Как утверждает сам Бадью, его этика истин – ответ на «этизацию политики» и на тот «пассивный нигилизм», который основывает свою «этику» на фигуре «радикального Зла». Коль скоро Бадью исключает универсальный субъект разума, который, в свою очередь, мог бы сообщать моральные законы, а субъект производится только в событии, следовательно, в самих производящих субъект событиях должно быть что-то, что имеет отношение к добру, злу или моральному требованию. Не то или иное событие, образующее локальный субъект, но всякое событие, как его понимает Бадью, должно быть одновременно чем-то этическим. Или, не будучи чем-то этическим, производить субъект, который является этическим. Нет сомнений, все, что только может относиться к этике у Бадью, располагается на стороне события и истины. Как мы уже говорили выше, когда упоминали реактивных и обскурантистских субъектов, зло у Бадью тоже определяется через событие – через его отрицание или фальсификацию. Следует ли из этого заключить, что верность событию есть нечто само по себе этическое? И если да, то почему? Как бы мы ни манипулировали с понятием «этики», едва ли возможно изъять из него смысл ориентации на другого человека. Сколь бы мы ни сводили этику к чистому долгу, последний едва ли бы имел смысл, если бы исполняющий его не предполагал наличие таких же знающих долг разумных существ. В разуме, как и законе, участвуют многие. С некоторой натяжкой можно сказать, что некто хочет поступать в согласии с разумом потому, что быть разумным для него – это возможность возможностей, нечто, что не просто есть у субъекта, но что делает субъекта субъектом. Я не принимаю благо быть разумным; чтобы быть.
Я, нужно соучаствовать в разуме. У Бадью мы можем найти подобную картину.
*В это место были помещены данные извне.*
lemma regular_uncountable_cardinal_uncountable:
  assumes "regular_uncountable_cardinal chi"
  shows "\<not> countable {..<chi}"
proof
  assume "countable {..<chi}"
  then have "(card_of {..<chi}, card_of (UNIV :: nat set)) \<in> ordLeq"
    using countable_card_of_nat by blast
  moreover have "(card_of (UNIV :: nat set), card_of {..<chi}) \<in> ordLess"
    using assms unfolding regular_uncountable_cardinal_def by blast
  ultimately show False using not_ordLess_ordLeq by blast
qed

lemma uncountable_cof_of_enumerates:
  assumes \<pi>: "enumerates \<pi> \<epsilon> C" and C: "cofinal_in C \<delta>" and "uncountable_cof \<delta>"
  shows "uncountable_cof \<epsilon>"
  unfolding uncountable_cof_def
proof (intro allI impI)
  fix S assume S: "S \<subseteq> {..<\<epsilon>}" "countable S"
  have \<pi>_mono: "strict_mono_on {..<\<epsilon>} \<pi>" and \<pi>_onto: "\<pi> ` {..<\<epsilon>} = C"
    using \<pi> unfolding enumerates_def bij_betw_def by auto
  have "\<pi> ` S \<subseteq> {..<\<delta>}" using S(1) \<pi>_onto C unfolding cofinal_in_def by auto
  moreover have "countable (\<pi> ` S)" using S(2) by simp
  ultimately have "\<exists>b<\<delta>. \<forall>x\<in>\<pi> ` S. x < b" by (rule uncountable_cofD[OF assms(3)])
  then obtain b where "b < \<delta>" "\<forall>s\<in>S. \<pi> s < b" by auto
  moreover obtain e where "e < \<epsilon>" "b \<le> \<pi> e"
    using C \<pi>_onto \<open>b < \<delta>\<close> unfolding cofinal_in_def by blast
  ultimately have "s < e" if "s \<in> S" for s
    using strict_mono_on_less[OF \<pi>_mono, of s e] S(1) that by fastforce
  with \<open>e < \<epsilon>\<close> show "\<exists>b<\<epsilon>. \<forall>s\<in>S. s < b" by blast
qed
lemma hubbard_offdiag: "0 < L \<Longrightarrow> u \<noteq> v \<Longrightarrow> hubbard L U u v = -2 * (\<Sum>js\<in>{1..L} \<times> UNIV. hopping_elem L js u v)"
proof -
  assume L: "0 < L" and uv: "u \<noteq> v"
  have d: "(\<Sum>j\<in>{1..L}. op_mult L (op_add (num L j Up) (op_smult (-1/2) (op_id L)))
                                 (op_add (num L j Dn) (op_smult (-1/2) (op_id L))) u v) = 0"
    using interaction_diagonal[OF L] uv by (simp add: is_diagonal_def)
  have "hubbard L U u v = -2 * op_sum (\<lambda>(j, s). op_add (op_mult L (ccre L j s) (cann L (j+1) s))
                                              (op_mult L (ccre L (j+1) s) (cann L j s))) ({1..L} \<times> UNIV) u v
     + 4 * complex_of_real U * op_sum (\<lambda>j. op_mult L (op_add (num L j Up) (op_smult (-1/2) (op_id L)))
                                 (op_add (num L j Dn) (op_smult (-1/2) (op_id L)))) {1..L} u v"
    by (simp add: hubbard_def op_add_def op_smult_def)
  also have "op_sum (\<lambda>j. op_mult L (op_add (num L j Up) (op_smult (-1/2) (op_id L)))
                                 (op_add (num L j Dn) (op_smult (-1/2) (op_id L)))) {1..L} u v = 0"
    using d by (simp add: op_sum_def)
  finally show ?thesis using L by (simp add: op_sum_def case_prod_beta ccre_cann_hop_op op_add_def hopping_elem_def)
qed

lemma UNIV_spin: "(UNIV :: spin set) = {Up, Dn}"
  by (auto, metis spin.exhaust)

lemma finite_spin[simp]: "finite (UNIV :: spin set)"
  by (simp add: UNIV_spin)

lemma sum_eq_single: "finite A \<Longrightarrow> a \<in> A \<Longrightarrow> (\<And>x. x \<in> A \<Longrightarrow> x \<noteq> a \<Longrightarrow> g x = 0) \<Longrightarrow> sum g A = g a"
proof -
  assume a: "finite A" "a \<in> A" "\<And>x. x \<in> A \<Longrightarrow> x \<noteq> a \<Longrightarrow> g x = 0"
  have "sum g A = sum g {a}" by (rule sum.mono_neutral_right) (use a in auto)
  then show ?thesis by simp
qed

lemma bond_modes_eq: assumes L: "3 \<le> L" and e: "{mode L j s, mode L (j+1) s} = {mode L j' s', mode L (j'+1) s'}"
  shows "j mod L = j' mod L \<and> s = s'"
proof -
  from e have "(mode L j s = mode L j' s' \<and> mode L (j+1) s = mode L (j'+1) s') \<or>
               (mode L j s = mode L (j'+1) s' \<and> mode L (j+1) s = mode L j' s')"
    by (simp add: doubleton_eq_iff)
  then show ?thesis
  proof
    assume "mode L j s = mode L j' s' \<and> mode L (j+1) s = mode L (j'+1) s'"
    thus ?thesis by (simp add: mode_eq_iff)
  next
    assume h: "mode L j s = mode L (j'+1) s' \<and> mode L (j+1) s = mode L j' s'"
    then have "j mod L = (j'+1) mod L" "(j+1) mod L = j' mod L" by (simp_all add: mode_eq_iff)
    then have "int L dvd int j - int (j'+1)" "int L dvd int (j+1) - int j'" using mod_eq_iff_dvd_diff by blast+
    then have "int L dvd (int (j+1) - int j') - (int j - int (j'+1))" by (rule dvd_diff[rotated])
    then have "int L dvd 2" by simp
    then have "int L \<le> 2" by (rule zdvd_imp_le) simp
    thus ?thesis using L by simp
  qed
qed
fun anticol :: "'a col_operad \<Rightarrow> 'a tree \<Rightarrow> bool" where
  "anticol C Leaf = True"
| "anticol C (Node x ts) \<longleftrightarrow> x \<in> elems C \<and> arity C x \<ge> 2 \<and> length ts = arity C x \<and>
     (\<forall>t\<in>set ts. anticol C t) \<and>
     (\<forall>j < length ts. \<forall>y us. ts ! j = Node y us \<longrightarrow> inc C x (j + 1) \<noteq> outc C y)"

definition AC :: "'a col_operad \<Rightarrow> 'a tree set" where
  "AC C = {T. anticol C T}"

text \<open>Composition in AC(C^+): graft T on the i-th leaf of S; if that leaf is the
  j-th child of a node r labelled x and T has root label y with Out(y) = In_j(x),
  merge r and the root of T into a node labelled x o_j y.
  The helper ac_comp_list C x j pre ts i T processes the children ts of a node
  labelled x, j being the position of the first child of ts and pre the already
  processed children.\<close>
fun ac_comp :: "'a col_operad \<Rightarrow> 'a tree \<Rightarrow> nat \<Rightarrow> 'a tree \<Rightarrow> 'a tree"
and ac_comp_list :: "'a col_operad \<Rightarrow> 'a \<Rightarrow> nat \<Rightarrow> 'a tree list \<Rightarrow> 'a tree list
                      \<Rightarrow> nat \<Rightarrow> 'a tree \<Rightarrow> 'a tree" where
  "ac_comp C Leaf i T = (if i = 1 then T else Leaf)"
| "ac_comp C (Node x ts) i T = ac_comp_list C x 1 [] ts i T"
| "ac_comp_list C x j pre [] i T = Node x pre"
| "ac_comp_list C x j pre (t # ts) i T =
     (if i \<le> nlv t then
        (case t of
           Leaf \<Rightarrow> (case T of
                      Leaf \<Rightarrow> Node x (pre @ Leaf # ts)
                    | Node y us \<Rightarrow>
                        (if outc C y = inc C x j
                         then Node (pcomp C x j y) (pre @ us @ ts)
                         else Node x (pre @ T # ts)))
         | Node _ _ \<Rightarrow> Node x (pre @ ac_comp C t i T # ts))
      else ac_comp_list C x (j + 1) (pre @ [t]) ts (i - nlv t) T)"

end

(*
  Contracting an edge whose colours match, i.e. replacing a node x with j-th child y
  (Out(y) = In_j(x)) by a single node x \<circ>_j y, is a rewriting system on syntax trees which
  strictly decreases the number of nodes. Its critical pairs are closed by the sequential and
  parallel associativity of C, so by Newman's lemma every tree has a unique normal form. The
  normal forms are exactly the anticoloured trees, and the congruence defining Env(C) is the
  equivalence generated by contraction. Hence every class contains exactly one anticoloured
  tree, its normal form, and grafting two normal forms reduces to their composite in AC(C^+).
*)

theory Submission
  imports Defs
begin

abbreviation nlvs :: "'a tree list \<Rightarrow> nat" where
  "nlvs ts \<equiv> sum_list (map nlv ts)"

lemma graft_list_append_after:
  "1 \<le> q \<Longrightarrow> graft_list (pre @ rest) (nlvs pre + q) T = pre @ graft_list rest q T"
  by (induction pre) auto

lemma graft_list_append_before:
  "1 \<le> i \<Longrightarrow> i \<le> nlvs pre \<Longrightarrow> graft_list (pre @ rest) i T = graft_list pre i T @ rest"
  by (induction pre arbitrary: i) auto

lemma length_graft_list [simp]: "length (graft_list ts i T) = length ts"
  by (induction ts arbitrary: i) auto

lemma nlv_graft: "1 \<le> i \<Longrightarrow> i \<le> nlv S \<Longrightarrow> nlv (graft S i T) = nlv S + nlv T - 1"
  and nlvs_graft_list: "1 \<le> i \<Longrightarrow> i \<le> nlvs ts \<Longrightarrow> nlvs (graft_list ts i T) = nlvs ts + nlv T - 1"
  by (induction S i T and ts i T rule: graft_graft_list.induct) auto

lemma nlvs_replicate_Leaf [simp]: "nlvs (replicate n Leaf) = n"
  by (induction n) auto

lemma replicate_Suc_add: "replicate (Suc (a + b)) z = replicate a z @ z # replicate b z"
  by (induction a) auto

lemma leaf_index_decompose:
  assumes "1 \<le> i" "i \<le> nlvs ts"
  shows "\<exists>pre t post q. ts = pre @ t # post \<and> i = nlvs pre + q \<and> 1 \<le> q \<and> q \<le> nlv t"
  using assms
proof (induction ts arbitrary: i)
  case (Cons t ts)
  show ?case
  proof (cases "i \<le> nlv t")
    case True
    then show ?thesis using Cons.prems by (intro exI[of _ "[]"]) auto
  next
    case False
    then have "\<exists>pre u post q. ts = pre @ u # post \<and> i - nlv t = nlvs pre + q \<and> 1 \<le> q \<and> q \<le> nlv u"
      using Cons by auto
    then obtain pre u post q where "ts = pre @ u # post" "i - nlv t = nlvs pre + q" "1 \<le> q" "q \<le> nlv u"
      by blast
    with False show ?thesis by (intro exI[of _ "t # pre"] exI[of _ u] exI[of _ post] exI[of _ q]) auto
  qed
qed simp

lemma leaf_index_cases:
  fixes i a b :: nat
  obtains "i \<le> a" | q where "i = a + q" "1 \<le> q" "q \<le> b" | q where "i = a + b + q" "1 \<le> q"
proof -
  have "i \<le> a \<or> (\<exists>q. i = a + q \<and> 1 \<le> q \<and> q \<le> b) \<or> (\<exists>q. i = a + b + q \<and> 1 \<le> q)"
    by presburger
  then show ?thesis using that by blast
qed

lemma graft_Node_child:
  "ts = pre @ t # post \<Longrightarrow> i = nlvs pre + q \<Longrightarrow> 1 \<le> q \<Longrightarrow> q \<le> nlv t \<Longrightarrow>
   graft (Node x ts) i T = Node x (pre @ graft t q T # post)"
  by (simp add: graft_list_append_after)

lemma graft_Node_Leaf_child:
  "graft (Node x (pre @ Leaf # post)) (Suc (nlvs pre)) T = Node x (pre @ T # post)"
  using graft_Node_child[of "pre @ Leaf # post" pre Leaf post "Suc (nlvs pre)" 1 x T] by simp

lemma stree_graft:
  assumes "stree C S" "stree C T" "1 \<le> i" "i \<le> nlv S"
  shows "stree C (graft S i T)"
  using assms
proof (induction S arbitrary: i)
  case (Node x ts)
  obtain pre t post q where d: "ts = pre @ t # post" "i = nlvs pre + q" "1 \<le> q" "q \<le> nlv t"
    using leaf_index_decompose[of i ts] Node.prems by auto
  have "stree C (graft t q T)" using Node d by auto
  moreover have "graft (Node x ts) i T = Node x (pre @ graft t q T # post)"
    by (rule graft_Node_child[OF d])
  ultimately show ?case using Node.prems d by auto
qed simp

fun node_count :: "'a tree \<Rightarrow> nat" where
  "node_count Leaf = 0"
| "node_count (Node x ts) = Suc (sum_list (map node_count ts))"

lemma append_Cons_eq_append_Cons_cases:
  assumes "a @ x # b = c @ y # d"
  obtains "a = c" "x = y" "b = d"
  | m where "c = a @ x # m" "b = m @ y # d"
  | m where "a = c @ y # m" "d = m @ x # b"
proof -
  have "(a = c \<and> x = y \<and> b = d) \<or> (\<exists>m. c = a @ x # m \<and> b = m @ y # d) \<or>
        (\<exists>m. a = c @ y # m \<and> d = m @ x # b)"
    using assms
  proof (induction a arbitrary: c)
    case Nil then show ?case by (cases c) auto
  next
    case (Cons u a) then show ?case by (cases c) auto
  qed
  then show ?thesis using that by blast
qed

lemma anticol_stree: "anticol C S \<Longrightarrow> stree C S"
  by (induction S) auto

lemma anticol_Node_colourD:
  "anticol C (Node x ts) \<Longrightarrow> j < length ts \<Longrightarrow> ts ! j = Node y us \<Longrightarrow> inc C x (Suc j) \<noteq> outc C y"
  unfolding anticol.simps by (metis Suc_eq_plus1)

fun anticol_children :: "'a col_operad \<Rightarrow> 'a \<Rightarrow> nat \<Rightarrow> 'a tree list \<Rightarrow> bool" where
  "anticol_children C x j [] = True"
| "anticol_children C x j (t # ts) \<longleftrightarrow> anticol C t \<and> (\<forall>y us. t = Node y us \<longrightarrow> inc C x j \<noteq> outc C y) \<and>
     anticol_children C x (Suc j) ts"

lemma anticol_children_nth:
  "anticol_children C x j ts \<longleftrightarrow>
   (\<forall>k<length ts. anticol C (ts ! k) \<and> (\<forall>y us. ts ! k = Node y us \<longrightarrow> inc C x (j + k) \<noteq> outc C y))"
  by (induction ts arbitrary: j) (auto simp: All_less_Suc2)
В том, насколько он явно и без экивоков высказывает то, что является высшим благом, есть нечто нарочито-провокационно-классичное, или, иначе, архаичное: «У Аристотеля есть формулировка, которую я люблю и часто повторяю: "Жить бессмертно". У этого аффекта есть другие имена – "блаженство" у Спинозы, "Сверхчеловек" у Ницше. Я думаю, что есть аффект истинной жизни… Этот аффект – утвердительно ощущение расширения индивида, возникающее, когда он начинает принадлежать субъекту истины»[40]. Классичность и смелость Бадью состоит в том, что он не мыслит этику без того, чтобы мыслить некое высшее состояние, доступное смертному. Возможна ли философия, «достойная своего имени», которая бы не полагала нечто подобное?